1-HKUST: Object Detection in ILSVRC 2014thanks: indicates equal contribution, all the authors are united under 1-Hkust although some of their current affiliations are elsewhere.

Cewu Lu Hao Chen Qifeng Chen Hei Law Yao Xiao Chi-Keung Tang
Hong Kong University of Science and Technology
The Chinese University of Hong Kong
Stanford University

The Imagenet Large Scale Visual Recognition Challenge (ILSVRC) is the one of the most important big data challenges to date. We participated in the object detection track of ILSVRC 2014 and received the fourth place among the 38 teams. We introduce in our object detection system a number of novel techniques in localization and recognition. For localization, initial candidate proposals are generated using selective search, and a novel bounding boxes regression method is used for better object localization. For recognition, to represent a candidate proposal, we adopt three features, namely, RCNN feature, IFV feature, and DPM feature. Given these features, category-specific combination functions are learned to improve the object recognition accuracy. In addition, object context in the form of background priors and object interaction priors are learned and applied in our system. Our ILSVRC 2014 results are reported alongside with the results of other participating teams.
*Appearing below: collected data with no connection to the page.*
lemma expectation_bind_pmf_finite:
  fixes h :: "'b \<Rightarrow> real"
  assumes "finite (set_pmf p)" "\<And>x. x \<in> set_pmf p \<Longrightarrow> finite (set_pmf (f x))"
  shows "measure_pmf.expectation (p \<bind> f) h = measure_pmf.expectation p (\<lambda>x. measure_pmf.expectation (f x) h)"
  using assms
  by (simp add: pmf_expectation_bind[of "set_pmf p"] integral_measure_pmf_real[of "set_pmf p"] mult.commute)

lemma square_expectation_le_expectation_square:
  fixes f :: "'a \<Rightarrow> real"
  assumes "finite (set_pmf p)"
  shows "(measure_pmf.expectation p f)^2 \<le> measure_pmf.expectation p (\<lambda>x. (f x)^2)"
  using measure_pmf.variance_positive[of p f] measure_pmf.variance_eq[of p f]
  by (simp add: integrable_measure_pmf_finite[OF assms])

definition morris_step :: "nat \<Rightarrow> nat \<Rightarrow> nat pmf" where
  "morris_step K k =
     (if k < K then map_pmf (\<lambda>b. if b then Suc k else k) (bernoulli_pmf (1 / 2 ^ k)) else return_pmf k)"

definition morris_count :: "nat \<Rightarrow> nat \<Rightarrow> nat pmf" where
  "morris_count K t = map_pmf last (traj 0 (morris_step K) t)"

lemma set_morris_step: "set_pmf (morris_step K k) \<subseteq> {k, Suc k}"
  by (auto simp: morris_step_def)

lemma morris_step_le_cap: "k \<le> K \<Longrightarrow> k' \<in> set_pmf (morris_step K k) \<Longrightarrow> k' \<le> K"
  by (auto simp: morris_step_def split: if_splits)

lemma morris_count_Suc: "morris_count K (Suc t) = morris_count K t \<bind> morris_step K"
  unfolding morris_count_def by (rule map_last_traj_Suc)

lemma set_morris_count: "set_pmf (morris_count K t) \<subseteq> {..K}"
proof (induction t)
  case 0
  then show ?case by (simp add: morris_count_def)
next
  case (Suc t)
  then show ?case by (auto simp: morris_count_Suc dest: morris_step_le_cap)
qed

lemma finite_set_morris_count: "finite (set_pmf (morris_count K t))"
  using set_morris_count finite_subset by blast

lemma expectation_morris_count_mono_step:
  fixes h g :: "nat \<Rightarrow> real"
  assumes "\<And>k. measure_pmf.expectation (morris_step K k) h \<le> g k"
  shows "measure_pmf.expectation (morris_count K (Suc t)) h \<le> measure_pmf.expectation (morris_count K t) g"
proof -
  have "measure_pmf.expectation (morris_count K (Suc t)) h
      = measure_pmf.expectation (morris_count K t) (\<lambda>k. measure_pmf.expectation (morris_step K k) h)"
    unfolding morris_count_Suc
    by (intro expectation_bind_pmf_finite finite_set_morris_count finite_subset[OF set_morris_step]) simp
  also have "\<dots> \<le> measure_pmf.expectation (morris_count K t) g"
    by (intro integral_mono integrable_measure_pmf_finite finite_set_morris_count assms)
  finally show ?thesis .
qed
Keywords: Object Detection, Deep learning and ILSVRC.

1 Introduction

We present our system for the ILSVRC 2014 competition. The big data challenge has evolved over the past few years as one for the most important forums for researchers to exchange their ideas, benchmark their systems, and push breakthrough in categorical object recognition in large-scale image classification and object detection.

The 1-HKUST team made its debut in this year’s competition and we focused on the object detection track. The object detection problem can be divided into two sub-problems, namely, localization and recognition. Localization solves the “where” problem, while recognition solves the “what” problem. That is, we locate where the objects are, and then recognize which object categories the detected objects should belong to.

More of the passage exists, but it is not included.